Noch vor Kurzem führten Sie zur Rettung der Hauptschulen den sogenannten Praxiszug ein. Jetzt soll ein neues Firmen

schild her: Die Hauptschulen werden zur Werkrealschule. Der Praxiszug soll entfallen, und die Mittel sollen umgeschichtet werden. Ich frage mich: Was ist das denn für eine konfuse, stümperhafte Bildungspolitik, die Sie hier von sich geben? Das ist nicht durchdacht. Sie hüpfen von einem zum anderen, weil Sie nur der Getriebene sind und nicht mehr der Handelnde.

(Beifall bei der SPD)

Ihnen, Herr Rau – das sage ich klipp und klar –, fehlt die entsprechende Perspektive.

Schon heute, meine Damen und Herren, ist jede zweizügige Hauptschule Werkrealschule – übrigens auch einige einzügige Hauptschulen –; jede dritte Hauptschule ist heute schon Werk realschule.

(Abg.
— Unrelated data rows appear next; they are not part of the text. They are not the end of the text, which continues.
(* For any $\alpha>0$ and $\epsilon>0$, there is no $\epsilon$-differentially private (central model) $(\alpha, 0.01m^2)$-approximation algorithm for rank aggregation when $n=o(m/\epsilon)$.
   Context: Items are $[m]=\{1,\dots,m\}$; $\mathbb{S}_m$ is the set of rankings (permutations) of $[m]$, $\pi(j)$ being the position of item $j$. The Kendall tau distance is $K(\pi_1,\pi_2)=|\{(i,j):\pi_1(i)<\pi_1(j),\ \pi_2(i)>\pi_2(j)\}|$. An input is a list $\Pi=\{\pi_1,\dots,\pi_n\}$ of $n$ rankings. Define $\bar K(\sigma,\Pi)=\frac1n\sum_k K(\sigma,\pi_k)$ and $\mathrm{OPT}(\Pi)=\min_\sigma\bar K(\sigma,\Pi)$. A randomized algorithm is an $(\alpha,\beta)$-approximation algorithm if for every input $\Pi$ its output $\sigma$ satisfies $\mathbb{E}[\bar K(\sigma,\Pi)]\le\alpha\,\mathrm{OPT}(\Pi)+\beta$. Two inputs are neighboring if they differ in a single ranking; an algorithm $\mathcal{M}$ is $\epsilon$-DP (central model) if for all neighboring $\Pi,\Pi'$ and all output sets $S$, $\Pr[\mathcal{M}(\Pi)\in S]\le e^{\epsilon}\Pr[\mathcal{M}(\Pi')\in S]$. *)

theory Defs
  imports "HOL-Probability.Probability" "HOL-Combinatorics.Permutations"
begin

text \<open>A ranking of the items [m] = {1..m} is a permutation pi of {1..m};
  pi j is the position of item j (identity outside {1..m}).\<close>
definition rankings :: "nat \<Rightarrow> (nat \<Rightarrow> nat) set" where
  "rankings m = {\<pi>. \<pi> permutes {1..m}}"

definition kendall :: "nat \<Rightarrow> (nat \<Rightarrow> nat) \<Rightarrow> (nat \<Rightarrow> nat) \<Rightarrow> nat" where
  "kendall m \<pi>1 \<pi>2 =
     card {(i, j). i \<in> {1..m} \<and> j \<in> {1..m} \<and> \<pi>1 i < \<pi>1 j \<and> \<pi>2 i > \<pi>2 j}"

definition avg_kendall :: "nat \<Rightarrow> (nat \<Rightarrow> nat) \<Rightarrow> (nat \<Rightarrow> nat) list \<Rightarrow> real" where
  "avg_kendall m \<sigma> Ps = (\<Sum>\<pi>\<leftarrow>Ps. real (kendall m \<sigma> \<pi>)) / real (length Ps)"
Karl Zimmermann CDU: Na also!)

Trotzdem ist die Akzeptanz der Hauptschulen, Herr Zimmermann – erkundigen Sie sich einmal –

(Abg. Karl Zimmermann CDU: Sehr hoch!)

vielleicht in Ihrer Vorstellung –, nach wie vor gering und wird weiter sinken.

(Abg. Dr. Klaus Schüle CDU: Nicht schlechtre- den!)

Nehmen Sie doch das Statistische Landesamt. Es hat klar und deutlich prognostiziert, dass die Schülerzahlen an den Hauptschulen in den nächsten Jahren um weitere 20 % zurückgehen werden.

(Abg. Dr. Klaus Schüle CDU: Keine Ahnung von der Realität! – Zuruf des Abg. Karl Zimmermann CDU)

Ich finde, der Schulleiter Roland Gärtner aus Flein in der Nähe von Heilbronn hat recht, wenn er Folgendes sagt:

Bald ist die Werkrealschule der unterste Schultyp und muss mit demselben Stigma leben wie jetzt die Hauptschule.

Das ist das Problem.

(Unruhe bei der CDU – Abg. Heiderose Berroth FDP/ DVP: Wenn wir sie ganz abschaffen, dann gilt das bald für die Realschule! – Zuruf des Abg. Helmut Walter Rüeck CDU)

Deswegen ist Ihr Weg der falsche Weg.